Let’s just say, for argument’s sake, that I was an average, everyday American consumer. Would I enjoy seeing an incredibly rich and famous man use his money and power to make his children incredibly rich and famous? Would I enjoy seeing the face of a young teenager plastered on movie posters across the entire nation, not because of who he is, but because of who his father is? To be totally honest, I’m not so sure I would. In fact, it’s conceivable that I might find it unbelievably infuriating and downright unbearable.

Then again, though, when I take a step back and really think about it, I guess there are maybe one or two things that my family does that could put off the general public. Like my parents completely manufacturing a singing career for my younger sister Willow, for example. Or my musical collaboration with Justin Bieber to promote my last film, The Karate Kid. In fact, one might say that my entire friendship with Justin Bieber, and the image of two very rich, very entitled teenagers hanging out until six in the morning may in fact hurt my overall image, as opposed to enhancing it. Does that make sense?

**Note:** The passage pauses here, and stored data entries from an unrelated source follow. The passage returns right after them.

lemma span_orthogonal_triple:
  fixes u v z :: "'a::euclidean_space"
  assumes "DIM('a) = 3" and "u \<noteq> 0" "v \<noteq> 0" "z \<noteq> 0"
    and "inner u v = 0" "inner u z = 0" "inner v z = 0"
  shows "span {u, v, z} = UNIV"
proof -
  have "pairwise orthogonal {u, v, z}"
    using assms by (auto simp: pairwise_def orthogonal_def inner_commute)
  then have "independent {u, v, z}"
    using assms(2-4) by (intro pairwise_orthogonal_independent) auto
  moreover have "u \<noteq> v" "u \<noteq> z" "v \<noteq> z"
    using assms by auto
  then have "card {u, v, z} = dim (UNIV :: 'a set)"
    using assms(1) by simp
  ultimately show ?thesis
    using card_eq_dim[of "{u, v, z}" UNIV] by auto
qed
text \<open>
  Round every diagonal entry \<open>a \<in> [1,2]\<close> of \<open>A \<in> \<A>\<close> down to the grid point \<open>g\<close> with
  \<open>g \<le> a \<le> (1+\<epsilon>) g\<close>. The resulting \<open>B \<in> \<A>\<^sub>\<epsilon>\<close> satisfies \<open>\<parallel>Bv\<parallel> \<le> \<parallel>Av\<parallel> \<le> (1+\<epsilon>)\<parallel>Bv\<parallel>\<close>,
  hence \<open>K\<^sub>A \<le> K\<^sub>B \<le> (1+\<epsilon>)\<^sup>2 K\<^sub>A\<close>. Multiplying the weights of a weighted mean of \<open>[0,1]\<close>-values
  by factors in \<open>[1,c]\<close> moves the mean by at most \<open>c - 1\<close>; applied pointwise with
  \<open>c = (1+\<epsilon>)\<^sup>2\<close> and integrated, this gives \<open>\<L>(B) \<le> \<L>(A) + (1+\<epsilon>)\<^sup>2 - 1 \<le> \<L>(A) + 3\<epsilon>\<close>.
  Since \<open>\<A>\<^sub>\<epsilon> \<subseteq> \<A>\<close>, the minimum over \<open>\<A>\<^sub>\<epsilon>\<close> dominates the infimum over \<open>\<A>\<close>, and the difference is at most \<open>3\<epsilon>\<close>.
\<close>

definition loss_integrand :: "(real^'d) set \<Rightarrow> (real^'d \<Rightarrow> real) \<Rightarrow> real^'d^'d \<Rightarrow> real^'d \<Rightarrow> real" where
  "loss_integrand S f A x = (\<Sum>xi\<in>S. pSA S A xi x * \<bar>f xi - f x\<bar>)"

lemma lossL_eq_integral_loss_integrand: "lossL D f S A = (\<integral>x. loss_integrand S f A x \<partial>D)"
  by (simp add: lossL_def loss_integrand_def)

lemma diag_mats_mult_vec_nth:
  assumes "A \<in> diag_mats G"
  shows "(A *v v) $ k = A $ k $ k * v $ k"
proof -
  have "(A *v v) $ k = (\<Sum>j\<in>UNIV. A $ k $ j * v $ j)" by (simp add: matrix_vector_mult_def)
  also have "\<dots> = (\<Sum>j\<in>UNIV. if j = k then A $ k $ k * v $ k else 0)"
    by (rule sum.cong) (use assms in \<open>auto simp: diag_mats_def\<close>)
  finally show ?thesis by simp
qed

lemma norm_diag_mats_mult_vec_power2:
  assumes "A \<in> diag_mats G"
  shows "(norm (A *v v))\<^sup>2 = (\<Sum>k\<in>UNIV. (A $ k $ k)\<^sup>2 * (v $ k)\<^sup>2)"
  unfolding power2_norm_eq_inner inner_vec_def
  by (simp add: diag_mats_mult_vec_nth[OF assms] power2_eq_square mult_ac)

lemma norm_diag_mats_mult_vec_compare:
  assumes "A \<in> diag_mats G" "B \<in> diag_mats H"
    and "\<And>k. 0 \<le> B $ k $ k" "\<And>k. B $ k $ k \<le> A $ k $ k" "\<And>k. A $ k $ k \<le> c * B $ k $ k"
  shows "(norm (B *v v))\<^sup>2 \<le> (norm (A *v v))\<^sup>2"
    and "(norm (A *v v))\<^sup>2 \<le> c\<^sup>2 * (norm (B *v v))\<^sup>2"
proof -
  have "(B $ k $ k)\<^sup>2 \<le> (A $ k $ k)\<^sup>2" for k
    using assms(3,4) by (intro power_mono)
  then show "(norm (B *v v))\<^sup>2 \<le> (norm (A *v v))\<^sup>2"
    unfolding norm_diag_mats_mult_vec_power2[OF assms(1)] norm_diag_mats_mult_vec_power2[OF assms(2)]
    by (intro sum_mono mult_right_mono) auto
  have "(A $ k $ k)\<^sup>2 \<le> c\<^sup>2 * (B $ k $ k)\<^sup>2" for k
    using assms(3-5) power_mono[of "A $ k $ k" "c * B $ k $ k" 2]
    by (auto simp: power_mult_distrib order_trans[OF assms(3) assms(4)])
  then show "(norm (A *v v))\<^sup>2 \<le> c\<^sup>2 * (norm (B *v v))\<^sup>2"
    unfolding norm_diag_mats_mult_vec_power2[OF assms(1)] norm_diag_mats_mult_vec_power2[OF assms(2)]
      sum_distrib_left
    by (intro sum_mono) (metis mult.assoc mult_right_mono zero_le_power2)
qed

lemma finite_diag_mats:
  assumes "finite G"
  shows "finite (diag_mats G :: (real^'d^'d) set)"
proof -
  let ?diag = "\<lambda>h. \<chi> i j. if i = j then h i else (0::real)"
  have "(diag_mats G :: (real^'d^'d) set) \<subseteq> ?diag ` (UNIV \<rightarrow>\<^sub>E G)"
  proof
    fix A :: "real^'d^'d"
    assume A: "A \<in> diag_mats G"
    then have "A = ?diag (\<lambda>i. A $ i $ i)" and "(\<lambda>i. A $ i $ i) \<in> UNIV \<rightarrow>\<^sub>E G"
      by (auto simp: vec_eq_iff diag_mats_def)
    then show "A \<in> ?diag ` (UNIV \<rightarrow>\<^sub>E G)" by (rule image_eqI)
  qed
  then show ?thesis
    by (rule finite_subset) (intro finite_imageI finite_PiE assms; simp)
qed

lemma diag_mats_nonempty: "G \<noteq> {} \<Longrightarrow> diag_mats G \<noteq> {}"
proof -
  assume "G \<noteq> {}"
  then obtain g where "g \<in> G" by auto
  then have "(\<chi> i j. if i = j then g else 0) \<in> diag_mats G" by (auto simp: diag_mats_def)
  then show ?thesis by auto
qed

lemma diag_mats_mono: "G \<subseteq> H \<Longrightarrow> diag_mats G \<subseteq> diag_mats H"
  by (auto simp: diag_mats_def)

lemma kernelK_pos: "0 < kernelK A y x"
  unfolding kernelK_def by (simp add: add_pos_nonneg)

lemma kernelK_diag_mats_compare:
  assumes "A \<in> diag_mats G" "B \<in> diag_mats H" "1 \<le> c"
    and "\<And>k. 0 \<le> B $ k $ k" "\<And>k. B $ k $ k \<le> A $ k $ k" "\<And>k. A $ k $ k \<le> c * B $ k $ k"
  shows "kernelK A y x \<le> kernelK B y x" and "kernelK B y x \<le> c\<^sup>2 * kernelK A y x"
proof -
  define t where "t = (norm (A *v (y - x)))\<^sup>2"
  define s where "s = (norm (B *v (y - x)))\<^sup>2"
  have st: "s \<le> t" "t \<le> c\<^sup>2 * s"
    unfolding s_def t_def using norm_diag_mats_mult_vec_compare[OF assms(1,2,4-6)] by auto
  have "0 \<le> s" by (simp add: s_def)
  have "1 \<le> c\<^sup>2" using assms(3) by (simp add: one_le_power)
  then have "1 + t \<le> c\<^sup>2 * (1 + s)" using st by (simp add: algebra_simps)
  then show "kernelK A y x \<le> kernelK B y x" and "kernelK B y x \<le> c\<^sup>2 * kernelK A y x"
    unfolding kernelK_def t_def[symmetric] s_def[symmetric]
    using st \<open>0 \<le> s\<close> by (auto intro: divide_left_mono simp: field_simps)
qed

text \<open>The new mean lies in \<open>[r/c, c r]\<close>, where \<open>r \<le> 1\<close> is the old one.\<close>
lemma weighted_mean_perturbation:
  fixes w w' g :: "'a \<Rightarrow> real"
  assumes "finite S" "S \<noteq> {}" "1 \<le> c"
    and w: "\<And>i. i \<in> S \<Longrightarrow> 0 < w i" "\<And>i. i \<in> S \<Longrightarrow> w i \<le> w' i" "\<And>i. i \<in> S \<Longrightarrow> w' i \<le> c * w i"
    and g: "\<And>i. i \<in> S \<Longrightarrow> 0 \<le> g i" "\<And>i. i \<in> S \<Longrightarrow> g i \<le> 1"
  shows "\<bar>(\<Sum>i\<in>S. w' i * g i) / sum w' S - (\<Sum>i\<in>S. w i * g i) / sum w S\<bar> \<le> c - 1"
proof -
  define P Q P' Q' where "P = (\<Sum>i\<in>S. w i * g i)" and "Q = sum w S"
    and "P' = (\<Sum>i\<in>S. w' i * g i)" and "Q' = sum w' S"
  have "0 < Q" unfolding Q_def using assms(1,2) w(1) by (intro sum_pos) auto
  have "0 \<le> P" unfolding P_def using w(1) g(1) by (intro sum_nonneg) (simp add: less_imp_le)
  have "P \<le> Q" unfolding P_def Q_def
    using w(1) g(2) by (intro sum_mono) (simp add: less_imp_le mult_left_le)
  have "P \<le> P'" unfolding P_def P'_def using w(2) g(1) by (intro sum_mono mult_right_mono) auto
  have "P' \<le> c * P" unfolding P_def P'_def sum_distrib_left
    using w(3) g(1) by (intro sum_mono) (metis mult.assoc mult_right_mono)
  have "Q \<le> Q'" unfolding Q_def Q'_def using w(2) by (intro sum_mono)
  have "Q' \<le> c * Q" unfolding Q_def Q'_def sum_distrib_left using w(3) by (intro sum_mono)
  define r where "r = P / Q"
  have "0 \<le> r" "r \<le> 1" unfolding r_def using \<open>0 \<le> P\<close> \<open>P \<le> Q\<close> \<open>0 < Q\<close> by auto
  have "r / c \<le> P' / Q'"
  proof -
    have "r / c = P / (c * Q)" by (simp add: r_def)
    also have "\<dots> \<le> P / Q'" using \<open>0 < Q\<close> \<open>Q \<le> Q'\<close> \<open>Q' \<le> c * Q\<close> \<open>0 \<le> P\<close>
      by (intro divide_left_mono) auto
    also have "\<dots> \<le> P' / Q'" using \<open>P \<le> P'\<close> \<open>0 < Q\<close> \<open>Q \<le> Q'\<close> by (simp add: divide_right_mono)
    finally show ?thesis .
  qed
  moreover have "P' / Q' \<le> c * r"
  proof -
    have "P' / Q' \<le> c * P / Q'" using \<open>P' \<le> c * P\<close> \<open>0 < Q\<close> \<open>Q \<le> Q'\<close> by (simp add: divide_right_mono)
    also have "\<dots> \<le> c * P / Q" using \<open>0 < Q\<close> \<open>Q \<le> Q'\<close> \<open>0 \<le> P\<close> assms(3)
      by (intro divide_left_mono) auto
    finally show ?thesis by (simp add: r_def)
  qed
  moreover have "r - r / c \<le> c - 1"
  proof -
    have "r * (c - 1) \<le> c * (c - 1)" using assms(3) \<open>r \<le> 1\<close> by (intro mult_right_mono) auto
    then have "r * (c - 1) / c \<le> c - 1" using assms(3) by (simp add: pos_divide_le_eq mult.commute)
    moreover have "r - r / c = r * (c - 1) / c" using assms(3) by (simp add: field_simps)
    ultimately show ?thesis by simp
  qed
  moreover have "c * r - r \<le> c - 1"
    using assms(3) \<open>r \<le> 1\<close> mult_left_mono[of r 1 "c - 1"] by (simp add: algebra_simps)
  ultimately show ?thesis unfolding P_def[symmetric] Q_def[symmetric] P'_def[symmetric]
      Q'_def[symmetric] r_def[symmetric]
    by linarith
qed

lemma loss_integrand_eq_weighted_mean:
  "loss_integrand S f A x
    = (\<Sum>xi\<in>S. kernelK A xi x * \<bar>f xi - f x\<bar>) / (\<Sum>xi\<in>S. kernelK A xi x)"
  unfolding loss_integrand_def pSA_def sum_divide_distrib by (simp add: algebra_simps)

lemma abs_diff_le_one_if_zero_one_valued:
  assumes "\<forall>x. f x \<in> {0, 1 :: real}"
  shows "\<bar>f y - f x\<bar> \<le> 1"
  using assms[rule_format, of x] assms[rule_format, of y] by auto

lemma loss_integrand_bounds:
  assumes "finite S" "S \<noteq> {}" "\<forall>x. f x \<in> {0, 1}"
  shows "0 \<le> loss_integrand S f A x" and "loss_integrand S f A x \<le> 1"
proof -
  have "(\<Sum>xi\<in>S. kernelK A xi x * \<bar>f xi - f x\<bar>) \<le> (\<Sum>xi\<in>S. kernelK A xi x)"
    using abs_diff_le_one_if_zero_one_valued[OF assms(3)]
    by (intro sum_mono) (simp add: kernelK_pos less_imp_le mult_left_le)
  moreover have "0 < (\<Sum>xi\<in>S. kernelK A xi x)"
    using assms(1,2) by (intro sum_pos) (auto simp: kernelK_pos)
  moreover have "0 \<le> (\<Sum>xi\<in>S. kernelK A xi x * \<bar>f xi - f x\<bar>)"
    by (intro sum_nonneg) (simp add: kernelK_pos less_imp_le)
  ultimately show "0 \<le> loss_integrand S f A x" and "loss_integrand S f A x \<le> 1"
    unfolding loss_integrand_eq_weighted_mean by auto
qed

lemma kernelK_borel_measurable: "(\<lambda>x. kernelK A y x) \<in> borel_measurable borel"
proof -
  have "continuous_on UNIV (\<lambda>x. A *v (y - x))"
    by (rule continuous_on_compose2[OF matrix_vector_mult_linear_continuous_on[of UNIV A]])
      (auto intro: continuous_intros)
  moreover have "1 + (norm (A *v (y - x)))\<^sup>2 \<noteq> 0" for x
    by (metis add_pos_nonneg less_irrefl zero_le_power2 zero_less_one)
  ultimately show ?thesis
    unfolding kernelK_def by (intro borel_measurable_continuous_onI continuous_intros) auto
qed

lemma loss_integrand_borel_measurable:
  "f \<in> borel_measurable borel \<Longrightarrow> loss_integrand S f A \<in> borel_measurable borel"
  unfolding loss_integrand_def pSA_def using kernelK_borel_measurable by measurable

lemma gridG_exponent_le:
  assumes "0 < e" "(1 + e) ^ k \<le> (2::real)"
  shows "k \<le> nat \<lceil>1 / e\<rceil>"
proof -
  have "1 + real k * e \<le> (1 + e) ^ k" using assms by (intro Bernoulli_inequality) auto
  then have "real k \<le> 1 / e" using assms by (simp add: field_simps)
  then show ?thesis by linarith
qed

lemma finite_gridG: "0 < e \<Longrightarrow> finite (gridG e)"
  by (rule finite_subset[of _ "(\<lambda>k. (1 + e) ^ k) ` {..nat \<lceil>1 / e\<rceil>}"])
    (auto simp: gridG_def dest: gridG_exponent_le)

lemma gridG_subset: "0 < e \<Longrightarrow> gridG e \<subseteq> {1..2}"
  unfolding gridG_def by (auto intro: one_le_power)

lemma gridG_round_down:
  assumes "0 < e" "1 \<le> a" "a \<le> (2::real)"
  obtains g where "g \<in> gridG e" "g \<le> a" "a \<le> (1 + e) * g"
proof -
  define K where "K = {k. (1 + e) ^ k \<le> a}"
  have "finite K" unfolding K_def
    by (rule finite_subset[of _ "{..nat \<lceil>1 / e\<rceil>}"]) (use gridG_exponent_le assms in auto)
  moreover have "0 \<in> K" unfolding K_def using assms by simp
  ultimately have "Max K \<in> K" "Suc (Max K) \<notin> K"
    by (auto intro: Max_in dest: Max_ge)
  then show ?thesis
    using assms by (intro that[of "(1 + e) ^ Max K"]) (auto simp: K_def gridG_def)
qed

lemma matsA_eps_subset_matsA: "0 < e \<Longrightarrow> matsA_eps e \<subseteq> matsA"
  unfolding matsA_eps_def matsA_def by (intro diag_mats_mono gridG_subset)

lemma finite_matsA_eps: "0 < e \<Longrightarrow> finite (matsA_eps e)"
  unfolding matsA_eps_def by (intro finite_diag_mats finite_gridG)

lemma matsA_eps_nonempty: "0 < e \<Longrightarrow> matsA_eps e \<noteq> {}"
  unfolding matsA_eps_def using gridG_round_down[of e 1]
  by (intro diag_mats_nonempty) (metis empty_iff order_refl one_le_numeral)

lemma matsA_round_down:
  assumes "0 < e" "A \<in> matsA"
  obtains B where "B \<in> matsA_eps e"
    "\<And>k. 1 \<le> B $ k $ k" "\<And>k. B $ k $ k \<le> A $ k $ k" "\<And>k. A $ k $ k \<le> (1 + e) * B $ k $ k"
proof -
  have "\<exists>g. g \<in> gridG e \<and> g \<le> A $ k $ k \<and> A $ k $ k \<le> (1 + e) * g" for k
  proof -
    have "1 \<le> A $ k $ k" "A $ k $ k \<le> 2" using assms(2) by (auto simp: matsA_def diag_mats_def)
    then show ?thesis using gridG_round_down[OF assms(1)] by metis
  qed
  then obtain g where g: "\<And>k. g k \<in> gridG e" "\<And>k. g k \<le> A $ k $ k" "\<And>k. A $ k $ k \<le> (1 + e) * g k"
    by metis
  define B where "B = (\<chi> i j. if i = j then g i else (0::real))"
  show ?thesis
  proof (rule that)
    show "B \<in> matsA_eps e" using g(1) by (simp add: B_def matsA_eps_def diag_mats_def)
    show "1 \<le> B $ k $ k" for k using subsetD[OF gridG_subset[OF assms(1)] g(1)] by (simp add: B_def)
  qed (use g in \<open>simp_all add: B_def\<close>)
qed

Come to think of it, I suppose it is entirely possible that there are a few moviegoers out there right now who are saying something along the lines of, “Actually, this whole movie seems really cold, calculated, and designed purely to raise the media profile of the film’s millionaire movie star and his young, precociously famous son. And, because of these things, I do not want to see After Earth at all. I’d much rather go see that dumb magician movie this weekend instead.”

Hell, one could even conceivably argue that my parents are doing me a huge disservice by giving me a career that I didn’t necessarily earn myself, creating a wave of ill will toward me that will be more or less impossible to shed for the rest of my life. And, as it were, maybe raising me and my sister in the glamorous, vapid cocoon of Hollywood and setting absolutely no boundaries whatsoever for us and allowing us to pretty much do and have whatever we want is not, in fact, a good way to raise children. You know, at this point, I wouldn’t fault someone for thinking that my father and mother have utterly lost their grip on reality and what it means to be a normal human being in today’s world.

But hey, at the end of the day, I’m rich, I’m famous, I’ll soon be getting my own house, and my newest movie will probably make millions of dollars at the box office this weekend. So who gives a fuck what you people think?